[SUPPLIED DATA]

(* Let $\mathcal{R}_{\mathrm{con}}$ be the set of isomorphism classes of finite connected racks. The homomorphism of abelian groups $$\mathbb{Z}\{\mathcal{R}_{\mathrm{con}}\}\longrightarrow \mathrm{B}(\mathcal{R}),\qquad [R]\longmapsto b(R),$$ from the free abelian group with basis $\mathcal{R}_{\mathrm{con}}$ to the Burnside ring of finite racks, is an isomorphism. In other words, the elements $b(R)$, for $R$ ranging over the finite connected racks up to isomorphism, form an integral basis of $\mathrm{B}(\mathcal{R})$. In particular, the abelian group $\mathrm{B}(\mathcal{R})$ is torsion-free.
   Context: A rack is a set $R$ with a binary operation $\rhd$ such that every left multiplication $\ell_a\colon b\mapsto a\rhd b$ is a bijection and $a\rhd(b\rhd c)=(a\rhd b)\rhd(a\rhd c)$ for all $a,b,c$. Morphisms of racks are maps preserving $\rhd$. The inner automorphism group $\mathrm{Inn}(R)$ is the subgroup of the symmetric group on $R$ generated by all $\ell_a$. A rack is connected if it is non-empty and $\mathrm{Inn}(R)$ acts transitively on $R$. A subrack of $R$ is a subset $S$ with $\ell_s(S)=S$ for all $s\in S$. A decomposition of $R$ into $S$ and $T$ means that $S,T$ are disjoint subracks (possibly empty) with $S\cup T=R$. The Burnside ring of finite racks $\mathrm{B}(\mathcal{R})$ is the abelian group generated by symbols $b(R)$, one for each finite rack $R$, subject to the relations $b(R_1)=b(R_2)$ whenever $R_1\cong R_2$, and $b(R)=b(S)+b(T)$ whenever $R$ decomposes into subracks $S$ and $T$. *)

theory Defs
  imports "HOL-Algebra.Free_Abelian_Groups" "HOL-Algebra.Bij"
          "HOL-Algebra.Generated_Groups" "HOL-Algebra.Coset"
begin
definition frobenius_form ::
  "(complex \<Rightarrow> 'a::ring_1 \<Rightarrow> 'a) \<Rightarrow> ('a \<Rightarrow> 'a \<Rightarrow> complex) \<Rightarrow> bool" where
  "frobenius_form scl B \<longleftrightarrow>
     (\<forall>a. Vector_Spaces.linear scl (*) (B a)) \<and>
     (\<forall>b. Vector_Spaces.linear scl (*) (\<lambda>a. B a b)) \<and>
     (\<forall>a b c. B (a * b) c = B a (b * c)) \<and>
     bij_betw B UNIV {f. Vector_Spaces.linear scl (*) f}"

definition symmetric_form :: "('a \<Rightarrow> 'a \<Rightarrow> complex) \<Rightarrow> bool" where
  "symmetric_form B \<longleftrightarrow> (\<forall>a b. B a b = B b a)"

definition primitive_root_of_unity :: "nat \<Rightarrow> complex \<Rightarrow> bool" where
  "primitive_root_of_unity n q \<longleftrightarrow> q ^ n = 1 \<and> (\<forall>k. 0 < k \<and> k < n \<longrightarrow> q ^ k \<noteq> 1)"

end

theory Submission imports Defs begin

(* Write phi x = intg (K * x), so that the form is (h, g) = phi (h * g); it is associative for
  free, and it is symmetric iff phi is a trace. By linearity phi is a trace once
  phi (x * g) = phi (g * x) for the generators g = K, E, F and the basis monomials
  x = K^i F^j E^k. For g = K the two sides differ by the factor q^k q^-j, which is 1 on the only
  monomials phi sees (j = k = n - 1). For g = E, moving E past F^j produces, besides
  K^i F^j E^(k+1), terms K^i F^(j-1) p E^k with p a polynomial in K; phi kills these because
  their F-degree is below n - 1. The case g = F is symmetric.
  Nondegeneracy: by the trace property the elements E^(n-1-k) F^(n-1-j) K^(n-i) form a basis
  dual to the monomials K^i F^j E^k, so h \<mapsto> (h, -) is a bijection onto the dual space. *)

lemma power_eq_power_mod:
  fixes x :: "'a::monoid_mult"
  assumes "x ^ n = 1"
  shows "x ^ m = x ^ (m mod n)"
proof -
  have "x ^ m = x ^ (n * (m div n) + m mod n)" by simp
  also have "\<dots> = (x ^ n) ^ (m div n) * x ^ (m mod n)"
    by (simp only: power_add power_mult)
  finally show ?thesis using assms by simp
qed

lemma power_eq_0_mono:
  fixes x :: "'a::semiring_1"
  assumes "x ^ n = 0" "n \<le> m"
  shows "x ^ m = 0"
proof -
  have "x ^ m = x ^ n * x ^ (m - n)"
    using assms(2) by (simp flip: power_add)
  with assms(1) show ?thesis by simp
qed

lemma diff_add_mod_eq_0_iff:
  fixes i i' n :: nat
  assumes "i < n" "i' < n"
  shows "(n - i + i') mod n = 0 \<longleftrightarrow> i' = i"
proof (cases "i \<le> i'")
  case True
  then have "n - i + i' = (i' - i) + n" using assms(1) by linarith
  then have "(n - i + i') mod n = i' - i" using assms(2) by (simp only: mod_add_self2) simp
  then show ?thesis using True by auto
next
  case False
  then show ?thesis using assms by simp
qed

lemma vector_space_complex_mult: "vector_space ((*) :: complex \<Rightarrow> complex \<Rightarrow> complex)"
  by unfold_locales (simp_all add: algebra_simps)

lemma linear_sum_scale:
  assumes "Vector_Spaces.linear scl (*) f"
  shows "f (\<Sum>m\<in>A. scl (c m) (v m)) = (\<Sum>m\<in>A. c m * f (v m))"
proof -
  have hom: "module_hom scl (*) f" using assms by (simp add: linear_iff_module_hom)
  show ?thesis by (simp add: module_hom.sum[OF hom] module_hom.scale[OF hom])
qed

lemma (in vector_space) span_image_sum_repr:
  assumes "finite I" "inj_on v I" "x \<in> span (v ` I)"
  obtains c where "x = (\<Sum>m\<in>I. c m *s v m)"
proof -
  obtain u where "x = (\<Sum>y\<in>v ` I. u y *s y)"
    using assms span_finite[of "v ` I"] by auto
  also have "\<dots> = (\<Sum>m\<in>I. u (v m) *s v m)"
    using sum.reindex[OF assms(2)] by simp
  finally show ?thesis by (rule that)
qed

lemma inj_form_of_dual_basis:
  fixes scl :: "complex \<Rightarrow> 'a::ab_group_add \<Rightarrow> 'a" and B :: "'a \<Rightarrow> 'a \<Rightarrow> complex"
  assumes lin_left: "\<And>b. Vector_Spaces.linear scl (*) (\<lambda>a. B a b)"
    and I: "finite I" "inj_on v I" and spans: "module.span scl (v ` I) = UNIV"
    and dual: "\<And>m m'. m \<in> I \<Longrightarrow> m' \<in> I \<Longrightarrow> B (v m) (w m') = (if m = m' then 1 else 0)"
  shows "inj B"
proof (rule injI)
  interpret vector_space scl
    using lin_left[of 0] by (simp add: Vector_Spaces.linear_iff)
  have coeff: "B x (w m) = c m" if "x = (\<Sum>m\<in>I. scl (c m) (v m))" "m \<in> I" for x c m
  proof -
    have "B x (w m) = (\<Sum>m'\<in>I. c m' * B (v m') (w m))"
      unfolding that(1) by (rule linear_sum_scale[OF lin_left])
    also have "\<dots> = (\<Sum>m'\<in>I. if m' = m then c m' else 0)"
      by (intro sum.cong refl) (simp add: dual that(2))
    also have "\<dots> = c m"
      using that(2) I(1) by simp
    finally show ?thesis .
  qed
  fix h1 h2 assume eq: "B h1 = B h2"
  obtain c1 where c1: "h1 = (\<Sum>m\<in>I. scl (c1 m) (v m))"
    using span_image_sum_repr[OF I] spans by blast
  obtain c2 where c2: "h2 = (\<Sum>m\<in>I. scl (c2 m) (v m))"
    using span_image_sum_repr[OF I] spans by blast
  have "c1 m = c2 m" if "m \<in> I" for m
    using coeff[OF c1 that] coeff[OF c2 that] fun_cong[OF eq, of "w m"] by simp
  then show "h1 = h2" unfolding c1 c2 by (intro sum.cong refl) simp
qed
(* Let $n,m\ge1$ be integers, $L>0$, $\lambda\in[0,1)$, and let $G_\alpha$ be the $3\times3$ matrix defined in the context. If $0<\alpha\le\min\Big\{\frac{(1-\lambda^2)^2}{35\lambda},\frac{\sqrt n}{\sqrt{8m}}\Big\}\frac1L$, then the spectral radius satisfies $\rho(G_\alpha)<1$; consequently $I_3-G_\alpha$ is invertible and $\sum_{k=0}^\infty G_\alpha^k=(I_3-G_\alpha)^{-1}$.
   Context: Expressions with $\lambda$ in a denominator are read as $+\infty$ when $\lambda=0$. The matrix $$G_\alpha:=\begin{bmatrix}\frac{1+\lambda^2}{2}&0&\frac{2\lambda^2\alpha^2L^2}{1-\lambda^2}\\ \frac9{4m}&1-\frac1{4m}&0\\ \frac{30.5}{1-\lambda^2}&\frac{97}8&\frac{1+\lambda^2}2\end{bmatrix}.$$ $\rho(\cdot)$ denotes spectral radius. *)

theory Defs
  imports "Jordan_Normal_Form.Spectral_Radius"
begin

definition G_mat :: "real \<Rightarrow> real \<Rightarrow> real \<Rightarrow> nat \<Rightarrow> real mat" where
  "G_mat lam alpha L m = mat_of_rows_list 3
     [[(1 + lam^2) / 2, 0, 2 * lam^2 * alpha^2 * L^2 / (1 - lam^2)],
      [9 / (4 * real m), 1 - 1 / (4 * real m), 0],
      [30.5 / (1 - lam^2), 97 / 8, (1 + lam^2) / 2]]"

end

theory Submission
  imports Defs
begin

text \<open>
  A nonnegative matrix \<open>A\<close> admitting a positive weight vector \<open>v\<close> with \<open>A v \<le> c v\<close>
  componentwise has spectral radius at most \<open>c\<close>: an eigenvector \<open>x\<close> for \<open>\<mu>\<close> gives
  \<open>|\<mu>| |x| \<le> A |x|\<close>, and comparing \<open>|x|\<close> with \<open>v\<close> at the index where \<open>|x_i| / v_i\<close> is maximal
  yields \<open>|\<mu>| \<le> c\<close>. The same weights bound \<open>(A^k)\<^sub>i\<^sub>j \<le> c^k v_i / v_j\<close>, so for \<open>c < 1\<close> the
  Neumann series converges entrywise and telescopes to \<open>(I - A)\<^sup>-\<^sup>1\<close>.
  For \<open>G\<^sub>\<alpha>\<close> the weights \<open>(1, 10, 305/(1-\<lambda>\<^sup>2)\<^sup>2)\<close> work.
\<close>

lemma index_mult_mat_sum:
  assumes "A \<in> carrier_mat n n" "B \<in> carrier_mat n n" "i < n" "j < n"
  shows "(A * B) $$ (i,j) = (\<Sum>l<n. A $$ (i,l) * B $$ (l,j))"
  using assms by (simp add: scalar_prod_def atLeast0LessThan)
lemma card_outside_row_le:
  assumes m: "1 \<le> m" and P: "finite P"
  shows "card {g \<in> carrier (ZQ m) - ZQ_A m. (2 * (i - x_exponent g)) mod 2^m \<in> P} \<le> 4 * card P"
proof -
  define s :: int where "s = 2 ^ (m - 1)"
  have two_pow: "(2::int) ^ m = 2 * s" unfolding s_def using m by (rule two_power_eq_double)
  define D where "D p = {x \<in> {0..<2 * s}. (2 * (i - x)) mod (2 * s) = p}" for p
  have finD: "finite (D p)" for p by (auto simp: D_def intro: finite_subset[of _ "{0..<2 * s}"])
  have "{g \<in> carrier (ZQ m) - ZQ_A m. (2 * (i - x_exponent g)) mod 2^m \<in> P}
          \<subseteq> {0..<2} \<times> (\<Union>p\<in>P. D p) \<times> {1}"
    unfolding carrier_ZQ_minus_ZQ_A by (auto simp: D_def two_pow x_exponent_def)
  then have "card {g \<in> carrier (ZQ m) - ZQ_A m. (2 * (i - x_exponent g)) mod 2^m \<in> P}
               \<le> card ({0..<2::int} \<times> (\<Union>p\<in>P. D p) \<times> {1::int})"
    using P finD by (intro card_mono) auto
  also have "\<dots> = 2 * card (\<Union>p\<in>P. D p)" by (simp add: card_cartesian_product)
  also have "card (\<Union>p\<in>P. D p) \<le> (\<Sum>p\<in>P. card (D p))" using P by (rule card_UN_le)
  also have "(\<Sum>p\<in>P. card (D p)) \<le> (\<Sum>p\<in>P. 2)"
    unfolding D_def using card_solutions_double_mod_le_2 s_def by (intro sum_mono) simp
  finally show ?thesis by simp
qed

lemma card_outside_pairs_le:
  assumes m: "1 \<le> m" and P: "finite P"
  shows "card {(g, g') \<in> (carrier (ZQ m) - ZQ_A m) \<times> (carrier (ZQ m) - ZQ_A m).
                (2 * (x_exponent g - x_exponent g')) mod 2^m \<in> P} \<le> 2^(m+1) * (4 * card P)"
proof -
  define T where "T = carrier (ZQ m) - ZQ_A m"
  have finT: "finite T" unfolding T_def carrier_ZQ_minus_ZQ_A by simp
  have "{(g, g') \<in> T \<times> T. (2 * (x_exponent g - x_exponent g')) mod 2^m \<in> P}
      = (SIGMA g:T. {g' \<in> T. (2 * (x_exponent g - x_exponent g')) mod 2^m \<in> P})" by auto
  also have "card \<dots> = (\<Sum>g\<in>T. card {g' \<in> T. (2 * (x_exponent g - x_exponent g')) mod 2^m \<in> P})"
    using finT by (intro card_SigmaI) auto
  also have "\<dots> \<le> (\<Sum>g\<in>T. 4 * card P)"
    unfolding T_def by (intro sum_mono card_outside_row_le[OF m P])
  also have "\<dots> = 2 ^ (m + 1) * (4 * card P)"
    unfolding T_def carrier_ZQ_minus_ZQ_A by (simp add: card_cartesian_product nat_power_eq)
  finally show ?thesis unfolding T_def .
qed

lemma card_permuting_fibre_ZQ_le:
  assumes m: "1 \<le> m" and B: "B \<in> subgroups_within (ZQ m) (ZQ_A m)" and C: "C \<in> subgroups_within (ZQ m) (ZQ_A m)"
  shows "card (permuting_fibre (ZQ m) (ZQ_A m) B C) \<le> 2 ^ (m + 4)"
proof -
  interpret subgroup_index_le_2 "ZQ m" "ZQ_A m" by (rule subgroup_index_le_2_ZQ_A[OF m])
  define P where "P = permuting_residues m B C"
  have sub: "subgroup B (ZQ m)" "subgroup C (ZQ m)"
    using B C by (auto simp: subgroups_within_def subgroup_lattice_def)
  have fin: "finite B" "finite C"
    using finite_subset[OF subgroup.subset finite_carrier_ZQ] sub by blast+
  have "card (permuting_fibre (ZQ m) (ZQ_A m) B C) * (card B * card C)
      \<le> card {(g, g') \<in> (carrier (ZQ m) - ZQ_A m) \<times> (carrier (ZQ m) - ZQ_A m).
                (2 * (x_exponent g - x_exponent g')) mod 2^m \<in> P}"
  proof (rule card_permuting_fibre_mult_le[OF finite_carrier_ZQ])
    fix H K g g' assume HK: "(H, K) \<in> permuting_fibre (ZQ m) (ZQ_A m) B C"
      and g: "g \<in> H - ZQ_A m" and g': "g' \<in> K - ZQ_A m"
    note F = permuting_fibreD[OF HK]
    obtain c i e k where gg: "g = (c, i, 1)" "g' = (e, k, 1)"
      using g g' subgroup.subset[OF F(1)] subgroup.subset[OF F(2)] carrier_ZQ_minus_ZQ_A[of m] by blast
    then show "(2 * (x_exponent g - x_exponent g')) mod 2^m \<in> P"
      using permuting_subgroups_residue[OF m F(1-3), of c i e k] g g' F(4,5)
      by (simp add: P_def x_exponent_def)
  qed
  also have "\<dots> \<le> 2 ^ (m + 1) * (4 * card P)"
    using fin by (intro card_outside_pairs_le[OF m]) (simp add: P_def permuting_residues_def)
  also have "\<dots> \<le> 2 ^ (m + 1) * (4 * (2 * card B * card C))"
    using card_permuting_residues_le[OF fin, of m] by (simp add: P_def)
  also have "\<dots> = 2 ^ (m + 4) * (card B * card C)" by (simp add: power_add)
  finally show ?thesis
    using subgroup.finite_imp_card_positive[OF sub(1)] subgroup.finite_imp_card_positive[OF sub(2)]
      finite_carrier_ZQ by simp
qed

lemma sd_ZQ_le:
  assumes m: "1 \<le> m"
  shows "sd (ZQ m) \<le> (6 * (real m + 1) + 144 * (real m + 1) ^ 2) / 2 ^ m"
proof -
  define w where "w = real (card (subgroups_within (ZQ m) (ZQ_A m)))"
  define n where "n = real (card (subgroup_lattice (ZQ m)))"
  define q where "q = 3 * (real m + 1)"
  have "w \<le> real (3 * (m + 1))"
    using card_subgroups_within_ZQ_A_le unfolding w_def of_nat_le_iff .
  then have w: "0 \<le> w" "w \<le> q" by (simp_all add: w_def q_def)
  have "real (2 ^ m) \<le> n"
    using card_subgroup_lattice_ZQ_ge[OF m] unfolding n_def of_nat_le_iff .
  then have n: "2 ^ m \<le> n" by simp
  have "sd (ZQ m) \<le> 2 * w / n + w ^ 2 * 2 ^ (m + 4) / n ^ 2"
    using sd_le_fibre_bound[OF group_ZQ[OF m] finite_carrier_ZQ
        subgroup_index_le_2.subgroup_A[OF subgroup_index_le_2_ZQ_A[OF m]] card_permuting_fibre_ZQ_le[OF m]]
    by (simp add: w_def n_def)
  also have "\<dots> \<le> 2 * q / 2 ^ m + q ^ 2 * 2 ^ (m + 4) / (2 ^ m) ^ 2"
    using w n by (intro add_mono frac_le mult_right_mono power_mono) auto
  also have "\<dots> = (6 * (real m + 1) + 144 * (real m + 1) ^ 2) / 2 ^ m"
    by (simp add: q_def power_add field_simps power2_eq_square)
  finally show ?thesis .
qed

theorem corollary2p8:
  shows "(\<lambda>m. sd (DirProd Z2 (quaternion_group m))) \<longlonglongrightarrow> 0"
proof (rule real_tendsto_sandwich)
  show "\<forall>\<^sub>F m in sequentially. 0 \<le> sd (DirProd Z2 (quaternion_group m))"
    by (simp add: sd_def)
  show "\<forall>\<^sub>F m in sequentially. sd (DirProd Z2 (quaternion_group m))
      \<le> (6 * (real m + 1) + 144 * (real m + 1) ^ 2) / 2 ^ m"
    using eventually_ge_at_top[of 1] by eventually_elim (rule sd_ZQ_le)
  show "(\<lambda>m::nat. (6 * (real m + 1) + 144 * (real m + 1) ^ 2) / 2 ^ m) \<longlonglongrightarrow> 0"
    by real_asymp
qed simp

end
(* Let $\alpha>0$ and let $\lambda$ be a partition of $n$ chosen from the Jack$_\alpha$ measure. \begin{enumerate} \item For every integer $m \geq 1$, $\mathbb{E}\left( \prod_{x\in\lambda} (m + c_\alpha(x)) \right) = m^n$. \item For $1 \leq r \leq n$, let $e_{r,\alpha}(\lambda)$ denote the $r$-th elementary symmetric function of the $n$ $\alpha$-contents $c_\alpha(x)$, $x\in\lambda$. Then $\mathbb{E}(e_{r,\alpha}(\lambda)) = 0$ for $1 \leq r \leq n$. \end{enumerate}
   Context: For $\alpha>0$, the Jack$_\alpha$ measure on partitions of $n$ chooses $\lambda$ with probability \[ \frac{\alpha^n n!}{\prod_{x\in\lambda}(\alpha a(x) + l(x) + 1)(\alpha a(x) + l(x) + \alpha)}, \] where $a(x)$ is the number of boxes in the same row as $x$ and to its right, and $l(x)$ is the number of boxes in the same column as $x$ and below it. The $\alpha$-content of a box $x$ is $c_\alpha(x) = \alpha(\text{column number of } x - 1) - (\text{row number of } x - 1)$. The $r$-th elementary symmetric function is $e_r(z_1,\dots,z_n)=\sum_{1\le i_1<\cdots<i_r\le n} z_{i_1}\cdots z_{i_r}$. *)

theory Defs
  imports Complex_Main
begin

definition is_partition :: "nat list \<Rightarrow> bool" where
  "is_partition lam \<longleftrightarrow> (\<forall>i. Suc i < length lam \<longrightarrow> lam ! Suc i \<le> lam ! i) \<and> (\<forall>p\<in>set lam. 0 < p)"

definition partitions :: "nat \<Rightarrow> nat list set" where
  "partitions n = {lam. is_partition lam \<and> sum_list lam = n}"

text \<open>Boxes (i,j): row i, column j, both 0-indexed.\<close>
definition boxes :: "nat list \<Rightarrow> (nat \<times> nat) set" where
  "boxes lam = {(i, j). i < length lam \<and> j < lam ! i}"

definition arm :: "nat list \<Rightarrow> nat \<times> nat \<Rightarrow> nat" where
  "arm lam x = card {j'. (fst x, j') \<in> boxes lam \<and> snd x < j'}"

definition leg :: "nat list \<Rightarrow> nat \<times> nat \<Rightarrow> nat" where
  "leg lam x = card {i'. (i', snd x) \<in> boxes lam \<and> fst x < i'}"

definition jack_prob :: "real \<Rightarrow> nat \<Rightarrow> nat list \<Rightarrow> real" where
  "jack_prob \<alpha> n lam = \<alpha> ^ n * fact n /
     (\<Prod>x\<in>boxes lam. (\<alpha> * arm lam x + leg lam x + 1) * (\<alpha> * arm lam x + leg lam x + \<alpha>))"

text \<open>alpha-content: alpha*(column-1) - (row-1) in 1-indexed terms.\<close>
definition content :: "real \<Rightarrow> nat \<times> nat \<Rightarrow> real" where
  "content \<alpha> x = \<alpha> * real (snd x) - real (fst x)"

[/SUPPLIED DATA]

Of the entries above, transcribe exactly those lines that fall between the line containing "by (simp add: w_def n_def)" and the line containing "(* Let $\alpha>0$", together with those two lines.

    by (simp add: w_def n_def)
  also have "\<dots> \<le> 2 * q / 2 ^ m + q ^ 2 * 2 ^ (m + 4) / (2 ^ m) ^ 2"
    using w n by (intro add_mono frac_le mult_right_mono power_mono) auto
  also have "\<dots> = (6 * (real m + 1) + 144 * (real m + 1) ^ 2) / 2 ^ m"
    by (simp add: q_def power_add field_simps power2_eq_square)
  finally show ?thesis .
qed

theorem corollary2p8:
  shows "(\<lambda>m. sd (DirProd Z2 (quaternion_group m))) \<longlonglongrightarrow> 0"
proof (rule real_tendsto_sandwich)
  show "\<forall>\<^sub>F m in sequentially. 0 \<le> sd (DirProd Z2 (quaternion_group m))"
    by (simp add: sd_def)
  show "\<forall>\<^sub>F m in sequentially. sd (DirProd Z2 (quaternion_group m))
      \<le> (6 * (real m + 1) + 144 * (real m + 1) ^ 2) / 2 ^ m"
    using eventually_ge_at_top[of 1] by eventually_elim (rule sd_ZQ_le)
  show "(\<lambda>m::nat. (6 * (real m + 1) + 144 * (real m + 1) ^ 2) / 2 ^ m) \<longlonglongrightarrow> 0"
    by real_asymp
qed simp

end
(* Let $\alpha>0$ and let $\lambda$ be a partition of $n$ chosen from the Jack$_\alpha$ measure. \begin{enumerate} \item For every integer $m \geq 1$, $\mathbb{E}\left( \prod_{x\in\lambda} (m + c_\alpha(x)) \right) = m^n$. \item For $1 \leq r \leq n$, let $e_{r,\alpha}(\lambda)$ denote the $r$-th elementary symmetric function of the $n$ $\alpha$-contents $c_\alpha(x)$, $x\in\lambda$. Then $\mathbb{E}(e_{r,\alpha}(\lambda)) = 0$ for $1 \leq r \leq n$. \end{enumerate}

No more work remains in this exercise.